I find it annoying that many people were so bothered about "helping other people" and "not being selfish" before the vaccine - now they're alright (Jack), they don't have anything to say about the pandemic, helping other people and I feel left in the lurch regarding the effects of lockdown etc.

Our lives with young kids are definitely not back to normal.

OP posts:
Bonifacethethird · 14/07/2021 10:30

That's because loads of people who got it didn't actually get it for altruistic reasons but loved to wax lyrical about it and feel virtuous anyway.
So just an illusion of people caring about strangers. (This doesn't apply to everyone, but many)

Cornettoninja · 14/07/2021 10:37

I’m not surprised to be honest, but what does surprise me is how acceptable it has become to voice these kinds of opinions so openly. It’s incredibly rare for someone to do something purely for the benefit of others, it’s usually a happy side effect to personal gain.

Nobody is obliged to truly give a shit about anything but there was a social convention that you don’t verbalise that and leave those who do to get on with it. It concerns me that people are now very comfortable with saying they don’t care about the suffering of others. It feels like a very dangerous notion for society to become comfortable with.

Cooldryplace · 14/07/2021 10:41

I did it all at the time, I suppose because I kept believing it would be short term, but looking back I can't believe we all complied as well as we did.

Re the vaccine, I'm not even sure it's ethical to ask people who don't really need it (the young) to take a drug that does carry risks (albeit small) for the benefit of others. Although, I and my DC have had it, I'm not sure I really thought it through, especially for DC

Cooldryplace · 14/07/2021 10:47

It's true we never really do anything solely for the benefit of others. Even the most aulteristic are getting a lot out of it themselves, even if it's only a warm fuzzy feeling.

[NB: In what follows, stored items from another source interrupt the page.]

text \<open>Beyond level N the prefix of length N determines a word of the component. The output
  tables take finitely many values, so two levels m1 < m2 that are multiples of the period have
  the same table; cancelling the action of the first m1 letters shows that the block between them
  acts trivially.\<close>
lemma periodic_stream_power_acts_trivially:
  fixes d :: "'a::finite \<Rightarrow> 'q::finite \<Rightarrow> 'q" and s :: "'q stream"
  assumes "reversible d" "invertible r" "0 < k" "sdrop k s = s"
    and label: "\<forall>n\<ge>N. label (stream_branch d r s n) = 1"
  shows "\<exists>D>0. \<forall>t. rhoW d r (stake (D * k) s) t = t"
proof -
  let ?O = "\<lambda>m. comp d r (stake m s)"
  have stable: "\<forall>n\<ge>N. card (?O (Suc n)) = card (?O n)"
    using label card_comp_stake_eq_if_label_eq_1 by blast
  let ?T = "\<lambda>j. output_table d r N (?O ((N + j) * k))"
  have "range ?T \<subseteq> Pow ({w. length w \<le> N} \<times> UNIV)"
    unfolding output_table_def by auto
  moreover have "finite ({w :: 'q list. length w \<le> N} \<times> (UNIV :: ('a \<Rightarrow> 'a) set))"
    using finite_lists_length_le[of "UNIV :: 'q set" N] by simp
  ultimately obtain j1 j2 where j: "j1 < j2" "?T j1 = ?T j2"
    using nat_seq_finite_range_repeats[of ?T] finite_subset[OF _ finite_Pow_iff[THEN iffD2]] by blast
  define m1 m2 where "m1 = (N + j1) * k" and "m2 = (N + j2) * k"
  define X where "X = stake ((j2 - j1) * k) s"
  have "m2 = (j2 - j1) * k + m1" using j(1) by (simp add: m1_def m2_def algebra_simps)
  then have z2: "stake m2 s = X @ stake m1 s"
    using stake_add[of "(j2 - j1) * k" s m1] sdrop_mult_period[OF assms(4)] by (simp add: X_def)
  have "N \<le> (N + j) * k" for j
    using assms(3) by (cases k) auto
  then have N: "N \<le> m1" "N \<le> m2" by (simp_all add: m1_def m2_def)
  have "rhoW d r (stake m1 s) t = rhoW d r (stake m2 s) t" for t
  proof (rule rhoW_eq_if_output_table_subset)
    show "inj_on (take N) (?O m1)" using inj_on_take_comp_stake[OF assms(1) stable N(1)] .
    show "output_table d r N (?O m2) \<subseteq> output_table d r N (?O m1)"
      using j(2) by (simp add: m1_def m2_def)
    show "take N (stake m1 s) = take N (stake m2 s)" using N by (simp add: take_stake min_def)
  qed (simp_all add: comp_closed_deltaW1 comp_self)
  then have "rhoW d r (stake m1 s) (rhoW d r X t) = rhoW d r (stake m1 s) t" for t
    by (simp add: z2 rhoW_append)
  then have "rhoW d r X t = t" for t using inj_rhoW[OF assms(2)] by (meson injD)
  then show ?thesis using j(1) X_def by (intro exI[of _ "j2 - j1"]) auto
qed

ComtesseDeSpair · 14/07/2021 10:49

Bluntly, for many people, it’s been eighteen months of putting lives on hold for the sake other people you’ve never met. Most people, however much they claimed to be concerned for others initially, were only actually concerned for themselves and those they loved. Plus the idea of protecting the NHS is quite nebulous: most people get that we need to make sure hospitals don’t become overwhelmed so that they can still provide healthcare to other people, but if you’re healthy, visit your GP maybe once every couple of years and haven’t seen the inside of a hospital since you were a small child, you’re more likely to think “well, I’m not likely to need to visit a hospital anyway, so why do I care if they’re full of old people with Covid?”

1starwars2 · 14/07/2021 10:50

There is no such thing as altruism. Lots of really interesting social anthropology on the subject.

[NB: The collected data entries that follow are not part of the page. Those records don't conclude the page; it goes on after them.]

lemma block_obj_ex1_min:
  "\<exists>!d. d \<in> blockspace blk i \<and> (\<forall>s\<in>blockspace blk i. block_obj i x d \<le> block_obj i x s)"
proof (rule strongly_convex_on_ex1_min[OF strongly_convex_block_obj Lpos closed_blockspace _
      continuous_on_block_obj block_obj_lower])
  show "blockspace blk i \<noteq> {}"
    using subspace_0[OF subspace_blockspace, of blk i] by blast
qed

definition block_step :: "'m \<Rightarrow> real^'n \<Rightarrow> real^'n" where
  "block_step i x = (THE d. d \<in> blockspace blk i \<and> (\<forall>s\<in>blockspace blk i. block_obj i x d \<le> block_obj i x s))"

lemma block_step_in_blockspace: "block_step i x \<in> blockspace blk i"
  and block_step_min: "s \<in> blockspace blk i \<Longrightarrow> block_obj i x (block_step i x) \<le> block_obj i x s"
  using theI'[OF block_obj_ex1_min[of i x]] unfolding block_step_def by auto

lemma block_step_unique:
  "d \<in> blockspace blk i \<Longrightarrow> (\<And>s. s \<in> blockspace blk i \<Longrightarrow> block_obj i x d \<le> block_obj i x s) \<Longrightarrow>
     d = block_step i x"
  using block_obj_ex1_min[of i x] block_step_in_blockspace block_step_min by blast

lemma rcd_step_eq: "rcd_step blk L f g h i x = x + block_step i x"
proof -
  have iff: "f x + bproj blk i (g x) \<bullet> d + L i / 2 * (norm d)\<^sup>2 + h (x + d)
        \<le> f x + bproj blk i (g x) \<bullet> s + L i / 2 * (norm s)\<^sup>2 + h (x + s)
      \<longleftrightarrow> block_obj i x d \<le> block_obj i x s"
    if "d \<in> blockspace blk i" "s \<in> blockspace blk i" for d s
    using block_model_eq[OF that(1), of x] block_model_eq[OF that(2), of x] by linarith
  have "(\<lambda>d. d \<in> blockspace blk i \<and> (\<forall>s\<in>blockspace blk i.
            f x + bproj blk i (g x) \<bullet> d + L i / 2 * (norm d)\<^sup>2 + h (x + d)
            \<le> f x + bproj blk i (g x) \<bullet> s + L i / 2 * (norm s)\<^sup>2 + h (x + s)))
      = (\<lambda>d. d \<in> blockspace blk i \<and> (\<forall>s\<in>blockspace blk i. block_obj i x d \<le> block_obj i x s))"
    by (rule ext) (use iff in blast)
  then show ?thesis
    unfolding rcd_step_def block_step_def by simp
qed

lemma F_block_step_le: "F (x + block_step i x) \<le> F x - L i / 2 * (norm (block_step i x))\<^sup>2"
proof -
  let ?d = "block_step i x"
  have d: "?d \<in> blockspace blk i" by (rule block_step_in_blockspace)
  have zero: "0 \<in> blockspace blk i" by (rule subspace_0[OF subspace_blockspace])
  have "F (x + ?d) \<le> f x + block_obj i x ?d + h_rest i x"
    using block_descent[OF grad Lip d, of x] block_model_eq[OF d, of x] by linarith
  also have "block_obj i x ?d + L i / 2 * (norm ?d)\<^sup>2 \<le> block_obj i x 0"
    using strongly_convex_on_min_gap[OF strongly_convex_block_obj d zero block_step_min] by simp
  moreover have "f x + block_obj i x 0 + h_rest i x = F x"
    using block_model_eq[OF zero, of x] by simp
  ultimately show ?thesis by linarith
qed

lemma full_model_eq:
  "f x + g x \<bullet> d + 1/2 * (normL blk L d)\<^sup>2 + h (x + d) = f x + (\<Sum>i\<in>UNIV. block_obj i x (bproj blk i d))"
proof -
  have "(\<Sum>i\<in>UNIV. block_obj i x (bproj blk i d))
      = (\<Sum>i\<in>UNIV. bproj blk i (g x) \<bullet> bproj blk i d) + 1/2 * (\<Sum>i\<in>UNIV. L i * (norm (bproj blk i d))\<^sup>2)
        + (\<Sum>i\<in>UNIV. hb i (bproj blk i (x + d)))"
    by (simp add: block_obj_def sum.distrib sum_distrib_left bproj_add)
  then show ?thesis
    using inner_eq_sum_bproj[where blk=blk and y="g x" and d=d] power2_normL[OF Lpos, where blk=blk and d=d]
      h_sep[of "x + d"]
    by simp
qed

lemma bproj_sum_block_step: "bproj blk i (\<Sum>j\<in>UNIV. block_step j x) = block_step i x"
proof -
  have "bproj blk i (block_step j x) = (if j = i then block_step i x else 0)" for j
    using bproj_blockspace[OF block_step_in_blockspace] bproj_blockspace_other[OF block_step_in_blockspace]
    by auto
  then show ?thesis by (simp add: bproj_sum)
qed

ComtesseDeSpair · 14/07/2021 10:52

@Cornettoninja

I’m not surprised to be honest, but what does surprise me is how acceptable it has become to voice these kinds of opinions so openly. It’s incredibly rare for someone to do something purely for the benefit of others, it’s usually a happy side effect to personal gain.

Nobody is obliged to truly give a shit about anything but there was a social convention that you don’t verbalise that and leave those who do to get on with it. It concerns me that people are now very comfortable with saying they don’t care about the suffering of others. It feels like a very dangerous notion for society to become comfortable with.

We say, without verbalising it’s, that we don’t care about the suffering of others daily - we don’t care about the people in developing countries who make our clothes, grow our food, mind our precious metals in often appalling and sometimes slave labour conditions. We don’t want to change our lives to make their lives better. I’m not surprised we’re now just extending that to people in the UK.
SonnetForSpring · 14/07/2021 10:52

@Cornettoninja

I’m not surprised to be honest, but what does surprise me is how acceptable it has become to voice these kinds of opinions so openly. It’s incredibly rare for someone to do something purely for the benefit of others, it’s usually a happy side effect to personal gain.

Nobody is obliged to truly give a shit about anything but there was a social convention that you don’t verbalise that and leave those who do to get on with it. It concerns me that people are now very comfortable with saying they don’t care about the suffering of others. It feels like a very dangerous notion for society to become comfortable with.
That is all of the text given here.